In February of 1973, Holly Fitzgerald and her husband, Fitz, left the United States to embark on a yearlong honeymoon across South America. Their plan was to backpack across Colombia, Ecuador, Peru, and Bolivia, filing travel stories for a Connecticut newspaper. Five months into their trip, when their plane crash-landed into a Peruvian penal colony, their quest for adventure took a very different turn. Ruthless River tells the story of the twenty-six days that Fitzgerald and her husband were stranded on a raft on the Madre de Dios River, largely without food or water, unable to swim to safety or to call for help. As their journey becomes increasingly dangerous and their physical safety ever more precarious, Fitzgerald offers a poignant portrait of a young marriage and a meditation on the human will to survive.

I first saw Fitzgerald tell the story of this harrowing ordeal at a standing-room-only book event near her home in South Dartmouth, Massachusetts. There is something wonderfully incongruous about watching Fitzgerald, an elegant lady in her early 70s, tell the story of how she survived a plane crash, fled a penal colony, and then convinced her husband to help her make a raft out of logs in order to navigate five hundred miles down the mighty Madre de Dios river.

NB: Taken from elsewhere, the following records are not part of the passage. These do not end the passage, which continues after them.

(* For each $f\in\mathcal{G}_0$, the function $u:\mathcal{G}_0\to\mathbb{R}$, $u(g)=\langle f,g\rangle_{L^2([0,1])}=\int_0^1f(t)g(t)dt$, belongs to $\mathrm{Dom}(\mathbb{E})$.
   Context: $\mathcal{G}_0$ is the set of right continuous nondecreasing maps $g:[0,1[\,\to[0,1]$ extended by $g(1):=1$. Fix $\beta>0$; $\mathbb{Q}_0^\beta$ is the probability measure on $\mathcal{G}_0$ such that for every $N$ and $0=t_0<\dots<t_{N+1}=1$ the law of $(g(t_1),\dots,g(t_N))$ is $\frac{\Gamma(\beta)}{\prod_{i=0}^{N}\Gamma(\beta(t_{i+1}-t_i))}\prod_{i=0}^{N}(x_{i+1}-x_i)^{\beta(t_{i+1}-t_i)-1}dx$ on $\{0<x_1<\dots<x_N<1\}$, $x_0:=0,x_{N+1}:=1$. $\mathfrak{Z}^1(\mathcal{G}_0)$: functions $u(g)=U(\int_0^1\vec\alpha(g_s)ds)$ with $U\in\mathcal{C}^1(\mathbb{R}^m)$, $\vec\alpha\in\mathcal{C}^1([0,1],\mathbb{R}^m)$, and $\mathbb{D}u(g)=\sum_i\partial_iU(\int\vec\alpha(g_s)ds)\alpha_i'(g(\cdot))$. $(\mathbb{E},\mathrm{Dom}(\mathbb{E}))$ is the closure in $L^2(\mathcal{G}_0,\mathbb{Q}_0^\beta)$ of the (closable) form $\mathbb{E}(u,v)=\int\langle\mathbb{D}u(g),\mathbb{D}v(g)\rangle_{L^2([0,1])}d\mathbb{Q}_0^\beta(g)$ on $\mathfrak{Z}^1(\mathcal{G}_0)$. *)

theory Defs
  imports "HOL-Probability.Probability"
begin

text \<open>The space G_0: right continuous nondecreasing g on [0,1) with values in [0,1],
  g 1 = 1; convention: g t = 0 outside [0,1] (canonical representative).\<close>
definition G0 :: "(real \<Rightarrow> real) set" where
  "G0 = {g. (\<forall>s t. 0 \<le> s \<longrightarrow> s \<le> t \<longrightarrow> t < 1 \<longrightarrow> g s \<le> g t)
          \<and> (\<forall>t\<in>{0..<1}. continuous (at_right t) g)
          \<and> (\<forall>t\<in>{0..<1}. g t \<in> {0..1})
          \<and> g 1 = 1
          \<and> (\<forall>t. t \<notin> {0..1} \<longrightarrow> g t = 0)}"

definition xext :: "nat \<Rightarrow> (nat \<Rightarrow> real) \<Rightarrow> nat \<Rightarrow> real" where
  "xext N x i = (if i = 0 then 0 else if i = Suc N then 1 else x i)"

text \<open>Finite dimensional (Dirichlet) density of (g(t_1),...,g(t_N)).\<close>
definition dir_density :: "real \<Rightarrow> nat \<Rightarrow> (nat \<Rightarrow> real) \<Rightarrow> (nat \<Rightarrow> real) \<Rightarrow> real" where
  "dir_density \<beta> N t x =
     (if (\<forall>i\<le>N. xext N x i < xext N x (Suc i))
      then Gamma \<beta> / (\<Prod>i\<le>N. Gamma (\<beta> * (t (Suc i) - t i)))
           * (\<Prod>i\<le>N. (xext N x (Suc i) - xext N x i) powr (\<beta> * (t (Suc i) - t i) - 1))
      else 0)"

definition is_Q0 :: "real \<Rightarrow> (real \<Rightarrow> real) measure \<Rightarrow> bool" where
  "is_Q0 \<beta> Q \<longleftrightarrow> prob_space Q \<and> space Q = G0
     \<and> sets Q = sets (restrict_space (Pi\<^sub>M UNIV (\<lambda>_. (borel :: real measure))) G0)
     \<and> (\<forall>N t. t 0 = 0 \<and> t (Suc N) = 1 \<and> (\<forall>i\<le>N. t i < t (Suc i)) \<longrightarrow>
          distr Q (Pi\<^sub>M {1..N} (\<lambda>_. lborel)) (\<lambda>g. \<lambda>i\<in>{1..N}. g (t i))
          = density (Pi\<^sub>M {1..N} (\<lambda>_. lborel)) (\<lambda>x. ennreal (dir_density \<beta> N t x)))"

text \<open>R^m represented as functions nat => real vanishing from index m on.\<close>
definition Rm :: "nat \<Rightarrow> (nat \<Rightarrow> real) set" where
  "Rm m = {x. \<forall>i\<ge>m. x i = 0}"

Fitzgerald and I met to discuss her writing process at her home, where the shelves are filled with objects from her travels and her four young grandchildren are often underfoot. As we spoke, her husband’s Corona typewriter rested on the dining room table, along with the two journals that Fitzgerald kept during her trip—stained by water, dog-eared, and still legible, essential documents that made it possible for her to re-inhabit this story forty years later.

Sadia Shepard for Guernica

Guernica: You’ve said that for many years you didn’t think that you’d be the one to write this story. Why did you think that it might be someone else, and why did you feel ready to tell this story now?

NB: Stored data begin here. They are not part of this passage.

(* Let $S_1,S_2\subseteq\Omega=\{0,\dots,D-1\}$ be nonempty sets with resemblance $R=\frac{|S_1\cap S_2|}{|S_1\cup S_2|}$, and fix integers $b\ge1$, $k\ge1$, $m\ge1$. Apply $k$ independent uniformly random permutations $\pi_1,\dots,\pi_k$ of $\Omega$; for each $j$ record the lowest $b$ bits of $\min\pi_j(S_1)$ and of $\min\pi_j(S_2)$, and let $T$ be the number of $j\in\{1,\dots,k\}$ for which these $b$-bit values coincide, so that $T$ is Binomial$(k,P_b)$ where $P_b$ is the probability that the lowest $b$ bits of $\min\pi(S_1)$ and $\min\pi(S_2)$ agree. Assume $P_b=C_{1,b}+(1-C_{2,b})R$ with $C_{2,b}\ne1$, where $r_1=|S_1|/D$, $r_2=|S_2|/D$, $A_{l,b}=\frac{r_l(1-r_l)^{2^b-1}}{1-(1-r_l)^{2^b}}$ ($l=1,2$), $C_{1,b}=A_{1,b}\frac{r_2}{r_1+r_2}+A_{2,b}\frac{r_1}{r_1+r_2}$, $C_{2,b}=A_{1,b}\frac{r_1}{r_1+r_2}+A_{2,b}\frac{r_2}{r_1+r_2}$. Expand the $b$-bit values of $S_1$ (resp. $S_2$) into a binary vector $x_1$ (resp. $x_2$) of length $2^bk$ consisting of $k$ consecutive blocks of length $2^b$, where block $j$ is the indicator vector of the $b$-bit value obtained from $\pi_j$; thus each $x_l$ has exactly $k$ ones and $\langle x_1,x_2\rangle=T$. Apply to $x_1,x_2$ the VW hashing with $m$ buckets and $s=1$, independently of the permutations: with i.i.d. uniform $h(i)\in\{1,\dots,m\}$ and i.i.d. $r_i$ uniform on $\{-1,1\}$, set $g_{l,q}=\sum_i x_{l,i}r_i1\{h(i)=q\}$, $\hat T=\sum_{q=1}^m g_{1,q}g_{2,q}$, and $$\hat R_{b,vw}=\frac{\hat T/k-C_{1,b}}{1-C_{2,b}}.$$ Then $E(\hat R_{b,vw})=R$ and $$\mathrm{Var}(\hat R_{b,vw})=\frac1k\frac{P_b(1-P_b)}{[1-C_{2,b}]^2}+\frac1m\frac{1}{[1-C_{2,b}]^2}\left(1+P_b^2-\frac{P_b(1+P_b)}{k}\right).$$
   Context: The first term $\frac1k\frac{P_b(1-P_b)}{[1-C_{2,b}]^2}$ is the variance of the $b$-bit minwise hashing estimator $\hat R_b=\frac{T/k-C_{1,b}}{1-C_{2,b}}$. The relation $P_b=C_{1,b}+(1-C_{2,b})R$ is the (large-$D$) expression for the $b$-bit collision probability used throughout the paper. *)

theory Defs
  imports "HOL-Probability.Probability"
begin
(* Let $\mathcal{D}$ be a distribution supported on $[0,1]$ with largest median $\nu=\sup\{y:\Pr_{x\sim\mathcal{D}}(x\le y)\le\frac12\}$. Then for all $n,m$ and every preference profile $\sigma$ on $n$ voters and $m$ alternatives, the alternative $f(\sigma)$ selected by binomial voting satisfies $\mathbb{E}[\mathrm{sw}(f(\sigma),u)]\ge\frac{\nu}{2}\max_{j\in A}\mathbb{E}[\mathrm{sw}(j,u)]$; i.e., binomial voting is a $\frac{\nu}{2}$-expected-welfare-maximizing rule for $\mathcal{D}$.
   Context: There are $n$ voters and $m$ alternatives $A=\{1,\dots,m\}$. A preference profile $\sigma$ consists of a ranking of $A$ for each voter; position $1$ is the top. Given $\mathcal{D}$ and $\sigma$, a random utility profile $u$ consistent with $\sigma$ is generated as follows: independently for each voter $i$, draw $m$ i.i.d. samples from $\mathcal{D}$ and assign them, from highest to lowest, to the alternatives in the order of voter $i$'s ranking. The social welfare of $j$ is $\mathrm{sw}(j,u)=\sum_i u_{ij}$; expectations are over $u$. Binomial voting is the scoring rule in which each voter gives $\sum_{\ell=k}^m\binom{m}{\ell}$ points to the alternative she ranks in position $k$; it selects an alternative with the largest total score (ties broken arbitrarily). *)

theory Defs
  imports "HOL-Probability.Probability"
begin
(* Let $L\subset\mathbb{Z}^m$ be a non-zero lattice with $L\cap\mathbb{N}^m=\{\mathbf 0\}$ and $\mathrm{Sat}(L)=\ker_{\mathbb{Z}}(\mathcal{A})$. If $E\in\mathcal{T}_{\min}$, then (1) there is no circuit $\mathbf x^{\mathbf u_+}-\mathbf x^{\mathbf u_-}\in I_{\mathcal{A}}$ with $\mathrm{supp}(\mathbf x^{\mathbf u_+})\subsetneq E$ or $\mathrm{supp}(\mathbf x^{\mathbf u_-})\subsetneq E$; and (2) there exists a circuit $\mathbf x^{\mathbf u_+}-\mathbf x^{\mathbf u_-}\in I_{\mathcal{A}}$ with $\mathrm{supp}(\mathbf x^{\mathbf u_+})=E$ or $\mathrm{supp}(\mathbf x^{\mathbf u_-})=E$.
   Context: $K$ is a field, $\mathbf x^{\mathbf u}=x_1^{u_1}\cdots x_m^{u_m}$, and $\mathbf u_\pm$ are the positive/negative parts of $\mathbf u\in\mathbb{Z}^m$. $I_L=(\mathbf x^{\mathbf u_+}-\mathbf x^{\mathbf u_-}:\mathbf u\in L)\subset K[x_1,\ldots,x_m]$; $\mathrm{Sat}(L)=\{\mathbf u: d\mathbf u\in L\text{ for some nonzero } d\in\mathbb{Z}\}$; $\mathcal{A}=\{\mathbf a_1,\ldots,\mathbf a_m\}\subset\mathbb{Z}^n$, $\ker_{\mathbb{Z}}(\mathcal{A})=\{\mathbf q\in\mathbb{Z}^m:\sum q_i\mathbf a_i=0\}$, and $I_{\mathcal{A}}=I_{\ker_{\mathbb{Z}}(\mathcal{A})}$. A circuit is a nonzero $\mathbf u\in\ker_{\mathbb{Z}}(\mathcal{A})$ whose support $\mathrm{supp}(\mathbf u)=\{i:u_i\ne0\}$ is inclusion-minimal among nonzero vectors of $\ker_{\mathbb{Z}}(\mathcal{A})$ and whose coordinates are relatively prime; the binomial $\mathbf x^{\mathbf u_+}-\mathbf x^{\mathbf u_-}$ is then also called a circuit. $\mathrm{supp}(\mathbf x^{\mathbf w})=\mathrm{supp}(\mathbf w)$. A monomial $M$ is indispensable of $I_L$ if every system of binomial generators of $I_L$ contains a binomial having $M$ as a monomial. $\mathcal{T}_{\min}$ is the set of inclusion-minimal elements of the set of supports of indispensable monomials of $I_L$. *)

theory Defs
  imports Main "HOL-Library.Poly_Mapping" "HOL-Library.Function_Algebras"
begin

text \<open>Variables x_i are indexed by a finite type 'v (so m = CARD('v)); integer vectors
  in Z^m are functions 'v => int. Polynomials in K[x_1..x_m] are ('v =>0 nat) =>0 'k.\<close>

type_synonym ('v,'k) mpoly = "('v \<Rightarrow>\<^sub>0 nat) \<Rightarrow>\<^sub>0 'k"

definition pos_part :: "('v \<Rightarrow> int) \<Rightarrow> 'v \<Rightarrow> nat" where
  "pos_part u = (\<lambda>i. nat (u i))"

definition neg_part :: "('v \<Rightarrow> int) \<Rightarrow> 'v \<Rightarrow> nat" where
  "neg_part u = (\<lambda>i. nat (- u i))"

definition vsupp :: "('v \<Rightarrow> 'a::zero) \<Rightarrow> 'v set" where
  "vsupp u = {i. u i \<noteq> 0}"

definition monom_c :: "('v::finite \<Rightarrow> nat) \<Rightarrow> 'k::zero \<Rightarrow> ('v,'k) mpoly" where
  "monom_c w c = Poly_Mapping.single (Abs_poly_mapping w) c"

definition binom :: "('v::finite \<Rightarrow> int) \<Rightarrow> ('v,'k::comm_ring_1) mpoly" where
  "binom u = monom_c (pos_part u) 1 - monom_c (neg_part u) 1"

definition gen_ideal :: "'a::comm_ring_1 set \<Rightarrow> 'a set" where
  "gen_ideal S = {p. \<exists>F c. finite F \<and> F \<subseteq> S \<and> p = (\<Sum>f\<in>F. c f * f)}"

Holly Fitzgerald: I thought it would be my husband, Fitz. I figured he would want to do it. He was a poet, a journalist. And he did try to do it. But I think, ultimately, that it was too close. Fitz had PTSD from his time in Vietnam, and the material was too difficult. Over the years we met several people who told us that they wanted to tell this story—a reporter that my husband met in the courtroom, an adventure writer I met at our local library. I wanted to do it. I just didn’t know how to go about it.

Guernica: What was the catalyst to tell this story now, in this form?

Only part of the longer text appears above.